Records contained in a dataset
════════════════
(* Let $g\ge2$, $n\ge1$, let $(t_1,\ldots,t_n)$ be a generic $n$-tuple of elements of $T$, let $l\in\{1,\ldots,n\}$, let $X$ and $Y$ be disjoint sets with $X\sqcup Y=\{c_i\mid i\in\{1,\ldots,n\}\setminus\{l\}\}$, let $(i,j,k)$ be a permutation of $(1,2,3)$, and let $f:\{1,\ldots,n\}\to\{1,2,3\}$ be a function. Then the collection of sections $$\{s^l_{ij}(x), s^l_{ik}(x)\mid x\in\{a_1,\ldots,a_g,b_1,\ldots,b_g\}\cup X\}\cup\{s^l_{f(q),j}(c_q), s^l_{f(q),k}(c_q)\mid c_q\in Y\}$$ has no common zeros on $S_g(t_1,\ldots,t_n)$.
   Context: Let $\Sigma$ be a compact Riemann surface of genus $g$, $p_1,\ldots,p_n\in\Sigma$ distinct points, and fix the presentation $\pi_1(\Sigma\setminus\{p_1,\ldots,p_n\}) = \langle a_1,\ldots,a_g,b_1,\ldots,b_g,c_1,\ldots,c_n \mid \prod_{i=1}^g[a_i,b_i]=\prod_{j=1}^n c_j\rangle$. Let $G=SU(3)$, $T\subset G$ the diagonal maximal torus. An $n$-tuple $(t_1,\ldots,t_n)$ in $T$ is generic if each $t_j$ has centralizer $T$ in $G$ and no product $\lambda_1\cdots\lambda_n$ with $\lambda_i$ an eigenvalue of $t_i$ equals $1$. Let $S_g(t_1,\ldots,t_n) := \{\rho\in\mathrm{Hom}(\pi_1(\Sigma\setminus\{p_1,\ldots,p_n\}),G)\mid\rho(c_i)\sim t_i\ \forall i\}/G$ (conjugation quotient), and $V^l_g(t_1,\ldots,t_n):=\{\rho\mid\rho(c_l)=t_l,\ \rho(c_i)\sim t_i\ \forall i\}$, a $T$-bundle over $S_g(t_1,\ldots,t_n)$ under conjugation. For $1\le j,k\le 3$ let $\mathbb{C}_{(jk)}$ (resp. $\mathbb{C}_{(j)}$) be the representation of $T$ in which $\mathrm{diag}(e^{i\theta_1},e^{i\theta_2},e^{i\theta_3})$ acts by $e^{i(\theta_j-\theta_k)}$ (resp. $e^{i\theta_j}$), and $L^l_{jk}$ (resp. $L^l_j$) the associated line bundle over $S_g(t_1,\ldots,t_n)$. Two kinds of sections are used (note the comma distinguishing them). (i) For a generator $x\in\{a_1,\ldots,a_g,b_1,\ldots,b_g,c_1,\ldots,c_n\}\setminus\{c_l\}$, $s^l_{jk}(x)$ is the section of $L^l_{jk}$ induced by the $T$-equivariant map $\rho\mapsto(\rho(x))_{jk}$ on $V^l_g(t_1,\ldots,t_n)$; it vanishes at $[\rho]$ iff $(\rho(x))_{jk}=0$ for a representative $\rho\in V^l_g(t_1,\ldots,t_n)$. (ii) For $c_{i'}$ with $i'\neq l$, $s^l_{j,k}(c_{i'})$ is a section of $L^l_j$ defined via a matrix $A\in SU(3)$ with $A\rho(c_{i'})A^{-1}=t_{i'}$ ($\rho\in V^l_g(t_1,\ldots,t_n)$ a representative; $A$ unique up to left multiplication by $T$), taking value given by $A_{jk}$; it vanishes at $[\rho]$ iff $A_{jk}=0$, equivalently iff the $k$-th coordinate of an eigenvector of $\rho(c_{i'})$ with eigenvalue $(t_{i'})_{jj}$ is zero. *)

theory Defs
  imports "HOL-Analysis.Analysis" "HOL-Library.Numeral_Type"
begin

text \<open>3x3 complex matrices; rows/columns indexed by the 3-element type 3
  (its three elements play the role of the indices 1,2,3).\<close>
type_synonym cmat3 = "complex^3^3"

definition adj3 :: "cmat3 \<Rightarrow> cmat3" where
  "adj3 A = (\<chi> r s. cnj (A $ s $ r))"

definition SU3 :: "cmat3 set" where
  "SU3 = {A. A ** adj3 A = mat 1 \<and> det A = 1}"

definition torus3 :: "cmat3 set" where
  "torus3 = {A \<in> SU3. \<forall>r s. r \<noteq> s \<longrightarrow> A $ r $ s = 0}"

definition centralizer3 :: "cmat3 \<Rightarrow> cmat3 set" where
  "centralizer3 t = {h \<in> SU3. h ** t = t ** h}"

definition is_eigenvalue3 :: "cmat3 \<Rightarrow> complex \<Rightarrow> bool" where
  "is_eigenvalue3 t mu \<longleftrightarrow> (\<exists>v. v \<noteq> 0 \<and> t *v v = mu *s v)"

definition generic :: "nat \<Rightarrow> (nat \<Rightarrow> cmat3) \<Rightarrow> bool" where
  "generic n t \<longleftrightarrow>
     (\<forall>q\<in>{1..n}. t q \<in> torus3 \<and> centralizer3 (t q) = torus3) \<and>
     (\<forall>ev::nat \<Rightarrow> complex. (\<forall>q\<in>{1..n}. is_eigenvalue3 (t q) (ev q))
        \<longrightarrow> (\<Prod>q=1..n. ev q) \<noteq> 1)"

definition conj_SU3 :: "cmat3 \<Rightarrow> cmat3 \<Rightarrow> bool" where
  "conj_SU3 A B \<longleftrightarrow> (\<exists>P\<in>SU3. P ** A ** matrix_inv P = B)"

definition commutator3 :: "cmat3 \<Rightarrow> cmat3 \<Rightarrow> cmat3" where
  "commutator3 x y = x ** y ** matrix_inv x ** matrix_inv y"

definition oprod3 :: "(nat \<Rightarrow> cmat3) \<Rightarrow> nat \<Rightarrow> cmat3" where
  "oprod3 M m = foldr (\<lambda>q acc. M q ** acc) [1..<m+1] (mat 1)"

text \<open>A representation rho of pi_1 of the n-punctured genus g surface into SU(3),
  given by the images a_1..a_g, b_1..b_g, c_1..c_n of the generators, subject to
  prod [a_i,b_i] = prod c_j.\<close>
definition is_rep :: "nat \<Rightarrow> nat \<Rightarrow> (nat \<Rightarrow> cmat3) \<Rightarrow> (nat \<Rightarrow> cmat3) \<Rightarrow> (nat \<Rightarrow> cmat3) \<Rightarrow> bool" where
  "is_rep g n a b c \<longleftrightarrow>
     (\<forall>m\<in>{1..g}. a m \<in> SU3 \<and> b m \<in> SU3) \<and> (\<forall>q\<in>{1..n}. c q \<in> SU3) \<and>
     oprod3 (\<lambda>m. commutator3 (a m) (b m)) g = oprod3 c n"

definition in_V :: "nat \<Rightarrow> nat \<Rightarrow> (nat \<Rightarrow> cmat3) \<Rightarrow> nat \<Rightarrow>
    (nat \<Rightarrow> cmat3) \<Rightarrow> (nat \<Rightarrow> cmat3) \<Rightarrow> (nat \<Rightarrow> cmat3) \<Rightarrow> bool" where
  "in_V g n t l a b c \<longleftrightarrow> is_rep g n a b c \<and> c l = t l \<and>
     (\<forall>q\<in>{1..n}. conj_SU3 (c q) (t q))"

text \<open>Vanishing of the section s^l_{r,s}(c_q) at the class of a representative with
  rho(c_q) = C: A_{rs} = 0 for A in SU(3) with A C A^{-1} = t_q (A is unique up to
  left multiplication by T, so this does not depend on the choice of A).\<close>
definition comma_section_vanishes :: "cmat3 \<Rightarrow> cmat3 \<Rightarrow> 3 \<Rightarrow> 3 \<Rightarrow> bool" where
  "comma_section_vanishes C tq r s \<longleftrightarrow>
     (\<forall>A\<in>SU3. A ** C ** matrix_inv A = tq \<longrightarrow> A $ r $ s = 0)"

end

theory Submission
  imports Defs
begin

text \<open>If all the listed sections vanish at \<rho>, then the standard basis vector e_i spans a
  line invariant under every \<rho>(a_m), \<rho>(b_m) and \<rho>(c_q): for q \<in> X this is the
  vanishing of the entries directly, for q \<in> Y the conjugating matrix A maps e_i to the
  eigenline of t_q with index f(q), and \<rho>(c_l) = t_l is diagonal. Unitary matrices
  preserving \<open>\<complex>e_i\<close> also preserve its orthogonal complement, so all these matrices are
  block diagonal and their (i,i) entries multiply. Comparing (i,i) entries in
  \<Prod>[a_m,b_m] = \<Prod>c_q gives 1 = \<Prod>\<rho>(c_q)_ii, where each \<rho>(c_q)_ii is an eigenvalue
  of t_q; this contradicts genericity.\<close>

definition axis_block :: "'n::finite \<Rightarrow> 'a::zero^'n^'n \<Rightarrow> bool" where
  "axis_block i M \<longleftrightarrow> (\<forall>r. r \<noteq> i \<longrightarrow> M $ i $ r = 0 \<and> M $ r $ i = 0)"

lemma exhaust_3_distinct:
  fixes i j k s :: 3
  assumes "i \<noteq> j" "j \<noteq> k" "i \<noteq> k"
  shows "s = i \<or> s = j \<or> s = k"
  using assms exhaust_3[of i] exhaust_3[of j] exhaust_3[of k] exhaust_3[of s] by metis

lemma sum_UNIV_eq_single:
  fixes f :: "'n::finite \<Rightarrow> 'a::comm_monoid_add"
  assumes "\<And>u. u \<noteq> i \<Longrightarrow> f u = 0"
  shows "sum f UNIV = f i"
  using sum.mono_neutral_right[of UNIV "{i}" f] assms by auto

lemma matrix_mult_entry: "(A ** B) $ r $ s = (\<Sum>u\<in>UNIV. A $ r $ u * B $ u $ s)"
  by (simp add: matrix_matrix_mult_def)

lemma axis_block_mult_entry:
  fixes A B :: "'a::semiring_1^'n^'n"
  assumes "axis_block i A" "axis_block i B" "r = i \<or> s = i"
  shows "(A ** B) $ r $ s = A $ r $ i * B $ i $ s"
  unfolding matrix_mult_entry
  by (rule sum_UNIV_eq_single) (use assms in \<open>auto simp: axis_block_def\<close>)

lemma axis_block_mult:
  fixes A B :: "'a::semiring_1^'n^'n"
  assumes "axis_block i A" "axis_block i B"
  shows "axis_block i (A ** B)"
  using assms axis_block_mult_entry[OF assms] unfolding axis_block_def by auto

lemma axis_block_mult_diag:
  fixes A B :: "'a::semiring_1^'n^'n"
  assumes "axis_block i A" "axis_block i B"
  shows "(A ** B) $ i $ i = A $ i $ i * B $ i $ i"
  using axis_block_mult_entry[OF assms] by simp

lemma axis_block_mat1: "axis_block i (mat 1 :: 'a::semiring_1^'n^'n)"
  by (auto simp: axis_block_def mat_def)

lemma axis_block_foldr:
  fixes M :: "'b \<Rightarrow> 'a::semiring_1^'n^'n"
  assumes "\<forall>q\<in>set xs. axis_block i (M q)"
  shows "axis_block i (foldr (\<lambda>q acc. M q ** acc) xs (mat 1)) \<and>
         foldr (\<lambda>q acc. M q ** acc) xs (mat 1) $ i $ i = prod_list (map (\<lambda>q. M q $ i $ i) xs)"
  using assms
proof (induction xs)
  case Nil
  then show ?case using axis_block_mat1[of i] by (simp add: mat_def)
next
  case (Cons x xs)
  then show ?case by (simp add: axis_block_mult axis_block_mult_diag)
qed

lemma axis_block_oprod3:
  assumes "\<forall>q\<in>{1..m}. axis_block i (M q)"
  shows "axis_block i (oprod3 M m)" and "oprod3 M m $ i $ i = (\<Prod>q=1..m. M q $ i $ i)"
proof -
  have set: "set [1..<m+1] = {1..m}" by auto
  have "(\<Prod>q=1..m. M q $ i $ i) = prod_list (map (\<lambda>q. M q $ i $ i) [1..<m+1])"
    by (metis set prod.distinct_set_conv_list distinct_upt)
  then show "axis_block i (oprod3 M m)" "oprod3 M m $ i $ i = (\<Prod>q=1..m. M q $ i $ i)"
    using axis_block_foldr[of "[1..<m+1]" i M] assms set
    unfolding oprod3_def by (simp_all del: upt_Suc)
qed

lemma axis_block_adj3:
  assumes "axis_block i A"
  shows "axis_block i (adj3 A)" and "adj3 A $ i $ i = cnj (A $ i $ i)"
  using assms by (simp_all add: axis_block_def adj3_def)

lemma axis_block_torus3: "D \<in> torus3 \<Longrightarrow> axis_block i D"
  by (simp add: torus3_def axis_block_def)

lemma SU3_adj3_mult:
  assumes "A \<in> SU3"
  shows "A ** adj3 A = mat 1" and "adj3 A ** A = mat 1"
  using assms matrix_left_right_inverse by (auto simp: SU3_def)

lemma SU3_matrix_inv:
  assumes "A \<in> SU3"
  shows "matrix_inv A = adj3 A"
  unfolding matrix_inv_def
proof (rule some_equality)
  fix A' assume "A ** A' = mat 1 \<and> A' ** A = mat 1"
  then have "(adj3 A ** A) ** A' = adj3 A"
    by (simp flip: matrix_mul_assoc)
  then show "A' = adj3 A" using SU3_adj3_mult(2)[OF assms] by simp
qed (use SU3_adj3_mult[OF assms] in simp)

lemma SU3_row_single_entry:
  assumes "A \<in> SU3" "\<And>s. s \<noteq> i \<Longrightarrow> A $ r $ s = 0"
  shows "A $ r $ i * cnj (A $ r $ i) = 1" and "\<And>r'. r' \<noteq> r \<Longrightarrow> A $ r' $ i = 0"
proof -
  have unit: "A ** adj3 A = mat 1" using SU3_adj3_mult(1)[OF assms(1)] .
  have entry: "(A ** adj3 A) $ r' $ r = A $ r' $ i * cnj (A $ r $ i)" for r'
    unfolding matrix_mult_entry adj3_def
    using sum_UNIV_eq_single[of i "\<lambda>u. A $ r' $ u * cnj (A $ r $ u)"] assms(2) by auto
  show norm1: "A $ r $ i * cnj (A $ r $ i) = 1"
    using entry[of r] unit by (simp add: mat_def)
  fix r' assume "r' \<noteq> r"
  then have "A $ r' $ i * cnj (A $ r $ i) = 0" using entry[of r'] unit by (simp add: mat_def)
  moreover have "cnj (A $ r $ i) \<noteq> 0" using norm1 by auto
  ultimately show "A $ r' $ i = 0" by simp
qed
════════════════
TASK BRIEF: If a line in the entries above has the word "exists", copy it.

SOLUTION BELOW:
  "is_eigenvalue3 t mu \<longleftrightarrow> (\<exists>v. v \<noteq> 0 \<and> t *v v = mu *s v)"
  "conj_SU3 A B \<longleftrightarrow> (\<exists>P\<in>SU3. P ** A ** matrix_inv P = B)"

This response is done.